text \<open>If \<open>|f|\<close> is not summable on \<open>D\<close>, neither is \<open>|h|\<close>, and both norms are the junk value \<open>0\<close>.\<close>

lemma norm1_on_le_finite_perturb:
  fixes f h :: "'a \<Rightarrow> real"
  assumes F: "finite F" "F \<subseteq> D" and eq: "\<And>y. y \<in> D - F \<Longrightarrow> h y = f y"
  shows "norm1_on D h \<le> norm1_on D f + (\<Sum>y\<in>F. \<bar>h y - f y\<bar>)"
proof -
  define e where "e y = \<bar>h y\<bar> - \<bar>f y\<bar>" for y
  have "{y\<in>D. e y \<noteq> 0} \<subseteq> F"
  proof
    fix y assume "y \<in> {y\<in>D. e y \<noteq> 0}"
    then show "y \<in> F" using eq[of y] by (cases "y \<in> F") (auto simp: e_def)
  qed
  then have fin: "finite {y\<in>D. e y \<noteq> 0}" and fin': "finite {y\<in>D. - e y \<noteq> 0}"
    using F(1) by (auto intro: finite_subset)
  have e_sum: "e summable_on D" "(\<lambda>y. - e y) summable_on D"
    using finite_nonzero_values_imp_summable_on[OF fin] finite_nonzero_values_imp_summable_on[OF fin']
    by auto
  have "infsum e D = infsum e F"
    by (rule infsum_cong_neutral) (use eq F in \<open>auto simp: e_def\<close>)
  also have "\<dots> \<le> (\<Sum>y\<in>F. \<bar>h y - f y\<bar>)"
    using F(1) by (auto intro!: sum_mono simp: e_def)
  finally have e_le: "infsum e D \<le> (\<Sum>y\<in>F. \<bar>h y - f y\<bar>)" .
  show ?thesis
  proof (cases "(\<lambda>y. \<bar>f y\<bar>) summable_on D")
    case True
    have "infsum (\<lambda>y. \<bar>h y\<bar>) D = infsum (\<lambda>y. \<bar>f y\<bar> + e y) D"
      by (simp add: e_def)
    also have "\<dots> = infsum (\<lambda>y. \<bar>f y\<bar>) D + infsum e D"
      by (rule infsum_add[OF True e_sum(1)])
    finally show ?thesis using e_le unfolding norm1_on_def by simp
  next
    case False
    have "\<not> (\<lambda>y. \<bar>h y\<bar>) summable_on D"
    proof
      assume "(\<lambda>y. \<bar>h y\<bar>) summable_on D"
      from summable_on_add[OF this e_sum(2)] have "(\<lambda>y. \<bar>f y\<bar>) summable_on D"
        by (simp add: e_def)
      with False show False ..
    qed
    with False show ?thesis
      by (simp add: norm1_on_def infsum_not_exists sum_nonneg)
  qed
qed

________________________

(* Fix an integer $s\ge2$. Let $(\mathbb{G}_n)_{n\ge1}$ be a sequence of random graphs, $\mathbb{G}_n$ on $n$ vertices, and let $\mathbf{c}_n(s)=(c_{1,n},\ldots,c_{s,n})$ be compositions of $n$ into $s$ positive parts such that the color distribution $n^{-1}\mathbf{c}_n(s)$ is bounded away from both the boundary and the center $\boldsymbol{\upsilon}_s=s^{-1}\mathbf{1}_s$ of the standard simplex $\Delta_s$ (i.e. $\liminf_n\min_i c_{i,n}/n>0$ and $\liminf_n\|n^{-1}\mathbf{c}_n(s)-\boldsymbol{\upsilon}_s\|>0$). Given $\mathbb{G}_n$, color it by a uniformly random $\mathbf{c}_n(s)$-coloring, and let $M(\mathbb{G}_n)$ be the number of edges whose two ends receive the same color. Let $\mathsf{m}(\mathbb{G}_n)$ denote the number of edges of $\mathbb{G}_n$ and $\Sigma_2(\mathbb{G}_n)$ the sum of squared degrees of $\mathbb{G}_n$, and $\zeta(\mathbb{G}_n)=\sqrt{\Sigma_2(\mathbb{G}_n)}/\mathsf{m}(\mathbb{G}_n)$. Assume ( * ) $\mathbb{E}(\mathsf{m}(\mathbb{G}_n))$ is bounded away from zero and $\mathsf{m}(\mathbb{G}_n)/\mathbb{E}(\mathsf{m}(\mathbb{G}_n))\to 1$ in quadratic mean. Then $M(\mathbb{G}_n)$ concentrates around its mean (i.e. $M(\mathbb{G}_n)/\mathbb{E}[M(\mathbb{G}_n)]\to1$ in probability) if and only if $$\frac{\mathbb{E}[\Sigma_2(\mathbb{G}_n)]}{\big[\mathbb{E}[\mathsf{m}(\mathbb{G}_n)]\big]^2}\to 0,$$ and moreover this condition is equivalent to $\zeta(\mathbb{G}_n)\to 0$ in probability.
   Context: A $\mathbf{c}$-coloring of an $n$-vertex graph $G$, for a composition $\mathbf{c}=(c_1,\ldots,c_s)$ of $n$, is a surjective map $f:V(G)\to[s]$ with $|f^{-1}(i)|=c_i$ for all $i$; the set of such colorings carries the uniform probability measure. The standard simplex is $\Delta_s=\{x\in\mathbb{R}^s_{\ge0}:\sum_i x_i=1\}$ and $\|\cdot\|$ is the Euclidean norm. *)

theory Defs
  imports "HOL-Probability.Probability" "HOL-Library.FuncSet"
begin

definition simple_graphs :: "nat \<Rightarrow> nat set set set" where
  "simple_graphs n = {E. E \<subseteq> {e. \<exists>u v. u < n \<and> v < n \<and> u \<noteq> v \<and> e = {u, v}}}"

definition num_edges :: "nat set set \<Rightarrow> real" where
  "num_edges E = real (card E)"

________________________

Looking at the data above, say how many lines contain the word "proof", with no added words.

SOLUTION TO THIS PROBLEM:
4